Three major irrigation projects in the works will save pumping millions of gallons of water from the vast St. Peter-Prairie du Chien-Jordan aquifer, which by all accounts is shrinking because of overuse by many metro-area cities. In Hugo, it became increasingly apparent to city leaders that pumping precious fresh water out of the ground while sending torrents of stormwater down the watershed to the Mississippi River no longer made sense.
"It's very clear that it's a concern that we're taking water out of the aquifer faster that we're putting back in," said City Council Member Chuck Haas, who also serves on the Metropolitan Council's Water Supply Advisory Committee.
That discussion led to a discovery that stormwater discharged out of Hugo, where 40 percent of the land is covered with lakes and wetlands, exceeded by 10 times the water drawn from wells. The annual stormwater volume stands at 4 billion gallons, compared with 400 million gallons of well water.
The first stormwater project, already in the works, will reduce well pumping by 32 million gallons a year at Oneka Ridge Golf Course.

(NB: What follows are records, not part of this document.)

lemma normal_elem_L_poly_eq_0_iff:
  assumes "normal_elem q n \<alpha>" and "Fq_poly q w"
  shows "L_poly q w (\<alpha> :: 'a) = 0 \<longleftrightarrow> (monom 1 n - 1) dvd w"
proof
  define P :: "'a poly" where "P = monom 1 n - 1"
  have L_mult_P: "L_poly q (v * P) \<alpha> = 0" for v
    by (simp add: L_poly_mult Fq_poly_monom_minus_1 P_def)
  assume "L_poly q w \<alpha> = 0"
  define r where "r = w mod P"
  have "Fq_poly q r"
    unfolding r_def P_def using assms(2) Fq_poly_monom_minus_1 by (rule Fq_poly_div_mod)
  have "L_poly q r \<alpha> = 0"
    using \<open>L_poly q w \<alpha> = 0\<close> L_poly_add[of "w div P * P" r \<alpha>] L_mult_P by (simp add: r_def)
  have "degree r < n"
    using degree_mod_less[OF monom_minus_1_neq_0[OF n_pos], of w] degree_monom_minus_1[OF n_pos, where ?'a = 'a] n_pos
    by (auto simp: r_def P_def)
  then have "(\<Sum>i<n. coeff r i * \<alpha> ^ q ^ i) = 0"
    using \<open>L_poly q r \<alpha> = 0\<close> by (simp add: L_poly_eq_sum_lessThan)
  then have "\<forall>i<n. coeff r i = 0"
    using assms(1) \<open>Fq_poly q r\<close> by (simp add: normal_elem_def Fq_poly_def)
  then have "r = 0"
    using \<open>degree r < n\<close> by (intro poly_eqI) (metis coeff_0 coeff_eq_0 leI order_less_le_trans)
  then show "(monom 1 n - 1) dvd w"
    by (simp add: r_def P_def mod_0_imp_dvd)
next
  assume "(monom 1 n - 1) dvd w"
  then obtain v where "w = v * (monom 1 n - 1)"
    by (metis dvdE mult.commute)
  then show "L_poly q w \<alpha> = 0"
    by (simp add: L_poly_mult Fq_poly_monom_minus_1)
qed

lemma normal_elem_L_poly_L_poly_eq_0_iff:
  assumes "normal_elem q n \<alpha>" and "Fq_poly q w" and "Fq_poly q u"
  shows "L_poly q u (L_poly q w (\<alpha> :: 'a)) = 0 \<longleftrightarrow> (monom 1 n - 1) dvd u * w"
  using assms by (simp add: L_poly_mult[symmetric] normal_elem_L_poly_eq_0_iff Fq_poly_mult)

text \<open>\<open>L_poly q (\<Sum>i<n. monom 1 i) x\<close> is the trace of \<open>x\<close> over \<open>F_q\<close>.\<close>

lemma L_poly_sum_monom_in_Fq: "L_poly q (\<Sum>i<n. monom 1 i) (x :: 'a) \<in> subfield_Fq q"
proof -
  define \<Phi> :: "'a poly" where "\<Phi> = (\<Sum>i<n. monom 1 i)"
  have "pCons 0 \<Phi> = \<Phi> + (monom 1 n - 1)"
    using monom_minus_1_eq_linear_mult_sum_monom[of n, where ?'a = 'a] by (simp add: \<Phi>_def)
  then have "L_poly q \<Phi> x ^ q = L_poly q \<Phi> x"
    using L_poly_frob[OF Fq_poly_sum_monom] L_poly_pCons[of 0 \<Phi> x] by (simp add: L_poly_add \<Phi>_def)
  then show ?thesis
    by (simp add: subfield_Fq_def \<Phi>_def)
qed

lemma L_poly_sum_monom_neq_0:
  assumes "normal_elem q n \<alpha>"
  shows "L_poly q (\<Sum>i<n. monom 1 i) (\<alpha> :: 'a) \<noteq> 0"
proof
  assume "L_poly q (\<Sum>i<n. monom 1 i) \<alpha> = 0"
  then have "(monom 1 n - 1) dvd (\<Sum>i<n. monom 1 i :: 'a poly)"
    using normal_elem_L_poly_eq_0_iff[OF assms Fq_poly_sum_monom] by simp
  moreover have "(\<Sum>i<n. monom 1 i :: 'a poly) \<noteq> 0"
    using n_pos by (rule sum_monom_neq_0)
  ultimately have "n \<le> n - 1"
    using dvd_imp_degree_le degree_monom_minus_1[OF n_pos, where ?'a = 'a] degree_sum_monom[of n, where ?'a = 'a]
    by metis
  then show False
    using n_pos by simp
qed

lemma normal_elem_L_poly_mult_annihilator:
  assumes "normal_elem q n \<alpha>" and "Fq_poly q (f * e)" and "Fq_poly q u"
    and "monom 1 n - 1 = h * f" and "f \<noteq> 0" and "coprime h e"
  shows "L_poly q u (L_poly q (f * e) (\<alpha> :: 'a)) = 0 \<longleftrightarrow> h dvd u"
proof -
  have "L_poly q u (L_poly q (f * e) \<alpha>) = 0 \<longleftrightarrow> h * f dvd u * (f * e)"
    using normal_elem_L_poly_L_poly_eq_0_iff[OF assms(1-3)] assms(4) by simp
  also have "\<dots> \<longleftrightarrow> h * f dvd (u * e) * f"
    by (simp only: ac_simps)
  also have "\<dots> \<longleftrightarrow> h dvd u"
    using assms(5,6) by (simp add: coprime_dvd_mult_left_iff)
  finally show ?thesis .
qed
(* In the setting of the context, the enclosure $W_\Omega(T)\subset\overline{\mathbb{C}}$ has the following properties: (i) $W_\Omega(T)$ is symmetric with respect to the imaginary axis; (ii) $0\in W_\Omega(T)$ if and only if $0\in\overline{W(A)}$ or $c=0$; (iii) $\delta_+\in W_\Omega(T)$ if and only if $W(A)$ is unbounded or $0\in\overline{W(B)}$ or $c=0$; (iv) $\delta_-\in W_\Omega(T)$ if and only if $W(A)$ is unbounded or $0\in\overline{W(B)}$; (v) $\infty\in W_\Omega(T)$ if and only if $W(A)$ is unbounded.
   Context: Let $\mathcal{H}$ be a Hilbert space, $A$ a selfadjoint (possibly unbounded) operator in $\mathcal{H}$ and $B$ a nonzero bounded selfadjoint operator. Let $c\ge0$, $d>0$, $\theta:=\sqrt{c-d^2/4}$ (principal square root), $\delta_\pm:=\pm\theta-id/2$. $W(A),W(B)\subset\mathbb{R}$ are the numerical ranges. For real $\alpha,\beta$ let $p_{(\alpha,\beta)}(\omega):=(\alpha-\omega^2)(c-id\omega-\omega^2)-\beta\omega^2$, with roots $r_1,\dots,r_4$ labelled continuously in $(\alpha,\beta)\in\mathbb{R}^2$ and extended by limits to $\overline{\mathbb{R}}\times\mathbb{R}$ ($\overline{\mathbb{R}}=\mathbb{R}\cup\{\pm\infty\}$), with values in the Riemann sphere $\overline{\mathbb{C}}$. Let $\Omega:=\overline{W(A)}\times\overline{W(B)}$ (closure of $W(A)$ in $\overline{\mathbb{R}}$) and $W_\Omega(T):=\bigcup_{n=1}^4\bigcup_{(\alpha,\beta)\in\Omega}r_n(\alpha,\beta)$. *)

theory Defs
  imports "HOL-Analysis.Analysis" "HOL-Library.Extended_Real"
begin

definition pquart :: "real \<Rightarrow> real \<Rightarrow> real \<Rightarrow> real \<Rightarrow> complex \<Rightarrow> complex" where
  "pquart c d \<alpha> \<beta> \<omega> =
     (complex_of_real \<alpha> - \<omega>^2) * (complex_of_real c - \<i> * complex_of_real d * \<omega> - \<omega>^2)
     - complex_of_real \<beta> * \<omega>^2"

text \<open>The Riemann sphere is modelled as complex option, None being the point infinity.
  Convergence of a complex sequence to a point of the sphere (chordal topology).\<close>
definition conv_sphere :: "(nat \<Rightarrow> complex) \<Rightarrow> complex option \<Rightarrow> bool" where
  "conv_sphere f z = (case z of
      None \<Rightarrow> filterlim (\<lambda>k. norm (f k)) at_top sequentially
    | Some w \<Rightarrow> f \<longlonglongrightarrow> w)"

text \<open>For finite alpha these
  are the roots of p; for alpha = +/-infinity they are the limits of the continuously labelled
  roots as alpha tends to +/-infinity, i.e. the limits on the sphere of root sequences.\<close>
definition root_set :: "real \<Rightarrow> real \<Rightarrow> ereal \<Rightarrow> real \<Rightarrow> complex option set" where
  "root_set c d a \<beta> = (case a of
      ereal \<alpha> \<Rightarrow> Some ` {\<omega>. pquart c d \<alpha> \<beta> \<omega> = 0}
    | PInfty \<Rightarrow> {z. \<exists>as ws. filterlim as at_top sequentially \<and>
                          (\<forall>k. pquart c d (as k) \<beta> (ws k) = 0) \<and> conv_sphere ws z}
    | MInfty \<Rightarrow> {z. \<exists>as ws. filterlim as at_bot sequentially \<and>
                          (\<forall>k. pquart c d (as k) \<beta> (ws k) = 0) \<and> conv_sphere ws z})"

text \<open>W_Omega(T), with Omega = closure of W(A) in the extended reals times closure of W(B).\<close>
definition W_Omega :: "real \<Rightarrow> real \<Rightarrow> real set \<Rightarrow> real set \<Rightarrow> complex option set" where
  "W_Omega c d WA WB = (\<Union>a \<in> closure (ereal ` WA). \<Union>\<beta> \<in> closure WB. root_set c d a \<beta>)"

end

(* The points of W_Omega(T) over finite alpha are the roots of
   p(w) = (alpha - w^2) q(w) - beta w^2, where q(w) = c - i d w - w^2 is the damping quadratic with
   zeros delta_+ and delta_-.  Hence p(-conj w) = conj p(w), p(0) = alpha c and
   p(delta_+-) = -beta delta_+-^2; moreover delta_+ = 0 iff c = 0, while delta_- never vanishes.

   As |alpha| -> oo the roots accumulate exactly at oo and at the zeros of q.  Dividing p(w) = 0 by
   alpha shows that finite limits are zeros of q.  Conversely, write the monic quartic as
   p(w) = prod_j (w - r_j) and fix v with q(v) /= 0, so that |p(v)| -> oo.  Since
   prod_j |v - r_j| = |p(v)|, some root satisfies |v - r_j|^4 >= |p(v)| and escapes to oo; and for a
   zero z of q the value p(z) = -beta z^2 does not depend on alpha, so
   prod_j |z - r_j| / |v - r_j| = |p(z)| / |p(v)| -> 0 forces some root towards z. *)

theory Submission
  imports Defs "HOL-Computational_Algebra.Fundamental_Theorem_Algebra"
begin

lemma ex_power_mult_prod_le:
  fixes a b :: "'i \<Rightarrow> 'a::linordered_idom"
  assumes "finite I" "I \<noteq> {}" "\<And>i. i \<in> I \<Longrightarrow> 0 \<le> a i" "\<And>i. i \<in> I \<Longrightarrow> 0 \<le> b i"
  shows "\<exists>i\<in>I. a i ^ card I * prod b I \<le> prod a I * b i ^ card I"
proof (rule ccontr)
  assume "\<not> ?thesis"
  then have less: "prod a I * b i ^ card I < a i ^ card I * prod b I" if "i \<in> I" for i
    using that by (simp add: not_le)
  obtain i where "i \<in> I"
    using assms(2) by blast
  have "(\<Prod>i\<in>I. prod a I * b i ^ card I) < (\<Prod>i\<in>I. a i ^ card I * prod b I)"
  proof (rule prod_mono_strict)
    show "i \<in> I" "finite I"
      by fact+
    show "prod a I * b i ^ card I < a i ^ card I * prod b I"
      using \<open>i \<in> I\<close> by (rule less)
  next
    fix j assume "j \<in> I"
    have "0 \<le> prod a I * b j ^ card I"
      using assms \<open>j \<in> I\<close> by (intro mult_nonneg_nonneg prod_nonneg zero_le_power) auto
    with less[OF \<open>j \<in> I\<close>]
    show "0 \<le> prod a I * b j ^ card I \<and> prod a I * b j ^ card I \<le> a j ^ card I * prod b I"
      and "0 < a j ^ card I * prod b I"
      by simp_all
  qed
  then show False
    by (simp add: prod.distrib prod_power_distrib mult.commute)
qed
(* In the truncated sparse linear regression model of the context, assume (A1), (A4) and (RE). There exists $\kappa\ge\Omega(\alpha^4\beta)$ (absolute implied constant) such that for every $\vec{\Omega}\in\mathbb{R}^d$ for which $\vec{\Delta}=\vec{\Omega}-\vec{\Omega}^*$ satisfies (i) $\|\vec{\Delta}\|_2\le\frac{1}{C\sqrt k}$ and (ii) $\|\vec{\Delta}_{\overline{K}}\|_1\le3\|\vec{\Delta}_K\|_1$, it holds that \[ \vec{\Delta}^\top\nabla^2l_n(\vec{\Omega})\vec{\Delta}\ge\kappa\|\vec{\Delta}\|_2^2 . \]
   Context: $S\subseteq\mathbb{R}$ measurable with indicator $S(\cdot)$. Fixed row vectors $\vec{x}^{(1)},\dots,\vec{x}^{(n)}\in\mathbb{R}^d$ are the rows of $\vec{X}\in\mathbb{R}^{n\times d}$. $\vec{\Omega}^*\in\mathbb{R}^d$ has support $K$, $|K|=k$, $\overline{K}=[d]\setminus K$; $\vec{\Delta}_K,\vec{\Delta}_{\overline{K}}$ are restrictions. Responses $y^{(i)}\sim\mathcal{N}(\vec{x}^{(i)}\vec{\Omega}^*,1)$ conditioned on $S$. $l_n(\vec{\Omega})=\frac1n\sum_{i=1}^n\left(\frac12{y^{(i)}}^2-y^{(i)}\vec{x}^{(i)}\vec{\Omega}+\log\int\exp\left(-\frac12z^2+z\,\vec{x}^{(i)}\vec{\Omega}\right)S(z)dz\right)$. $\alpha(\vec{\Omega},\vec{x})=\Pr_{y\sim\mathcal{N}(\vec{x}\vec{\Omega},1)}[y\in S]$. (A1): $\alpha(\vec{\Omega}^*,\vec{x}^{(i)})\ge\alpha>0$ for all $i$; (A4): $\max_{i,j}|X_{ij}|\le C$; (RE): there is $\beta>0$ with $\frac1n\|\vec{X}\vec{\Delta}\|_2^2\ge\beta\|\vec{\Delta}\|_2^2$ whenever $\|\vec{\Delta}_{\overline{K}}\|_1\le3\|\vec{\Delta}_K\|_1$. *)

theory Defs
  imports "HOL-Probability.Probability"
begin

text \<open>Vectors in R^d are represented as functions nat => real, only indices j < d matter.
  The design matrix X is represented as X i j (row i < n, column j < d).\<close>

definition row_dot :: "nat \<Rightarrow> (nat \<Rightarrow> nat \<Rightarrow> real) \<Rightarrow> nat \<Rightarrow> (nat \<Rightarrow> real) \<Rightarrow> real" where
  "row_dot d X i w = (\<Sum>j<d. X i j * w j)"

definition l2norm :: "nat \<Rightarrow> (nat \<Rightarrow> real) \<Rightarrow> real" where
  "l2norm d v = sqrt (\<Sum>j<d. (v j)\<^sup>2)"

definition l1norm_on :: "nat set \<Rightarrow> (nat \<Rightarrow> real) \<Rightarrow> real" where
  "l1norm_on A v = (\<Sum>j\<in>A. \<bar>v j\<bar>)"

text \<open>Negative log-likelihood l_n of the truncated linear regression model.\<close>
definition trunc_loss ::
  "real set \<Rightarrow> nat \<Rightarrow> nat \<Rightarrow> (nat \<Rightarrow> nat \<Rightarrow> real) \<Rightarrow> (nat \<Rightarrow> real) \<Rightarrow> (nat \<Rightarrow> real) \<Rightarrow> real" where
  "trunc_loss S n d X y \<Omega> =
     (1 / real n) * (\<Sum>i<n. (1/2) * (y i)\<^sup>2 - y i * row_dot d X i \<Omega>
        + ln (LINT z|lborel. exp (-(1/2) * z\<^sup>2 + z * row_dot d X i \<Omega>) * indicator S z))"

text \<open>Quadratic form of the Hessian: Delta^T (Hessian of f at Omega) Delta,
  i.e. the second derivative of t |-> f (Omega + t Delta) at t = 0.\<close>
definition hess_quad :: "((nat \<Rightarrow> real) \<Rightarrow> real) \<Rightarrow> (nat \<Rightarrow> real) \<Rightarrow> (nat \<Rightarrow> real) \<Rightarrow> real" where
  "hess_quad f \<Omega> \<Delta> = deriv (deriv (\<lambda>t. f (\<lambda>j. \<Omega> j + t * \<Delta> j))) 0"

definition surv_mass :: "real set \<Rightarrow> real \<Rightarrow> real" where
  "surv_mass S \<mu> = measure (density lborel (normal_density \<mu> 1)) S"

definition RE_cond :: "nat \<Rightarrow> nat \<Rightarrow> (nat \<Rightarrow> nat \<Rightarrow> real) \<Rightarrow> nat set \<Rightarrow> real \<Rightarrow> bool" where
  "RE_cond n d X K \<beta> \<longleftrightarrow>
     (\<forall>\<Delta>. l1norm_on ({..<d} - K) \<Delta> \<le> 3 * l1norm_on K \<Delta> \<longrightarrow>
        (1 / real n) * (\<Sum>i<n. (row_dot d X i \<Delta>)\<^sup>2) \<ge> \<beta> * (l2norm d \<Delta>)\<^sup>2)"

end

theory Submission
  imports Defs
begin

Two other irrigation projects in the Water's Edge and Beaver Ponds neighborhoods, combined with Oneka Ridge, will divert as much as 100 million gallons that otherwise would be pumped from the aquifer.
That's equivalent to saving water for as many as 1,250 housing units — a significant milestone, because the city doesn't want to further deplete groundwater as more houses are built.
Haas, having worked with metro-area groundwater studies and concerns for several years, said the city envisions a need to someday treat its stormwater for indoor use, including drinking, and is exploring how that can be accomplished.
"It's a lofty goal, but we figured we eventually wouldn't take any water out of the aquifer," he said.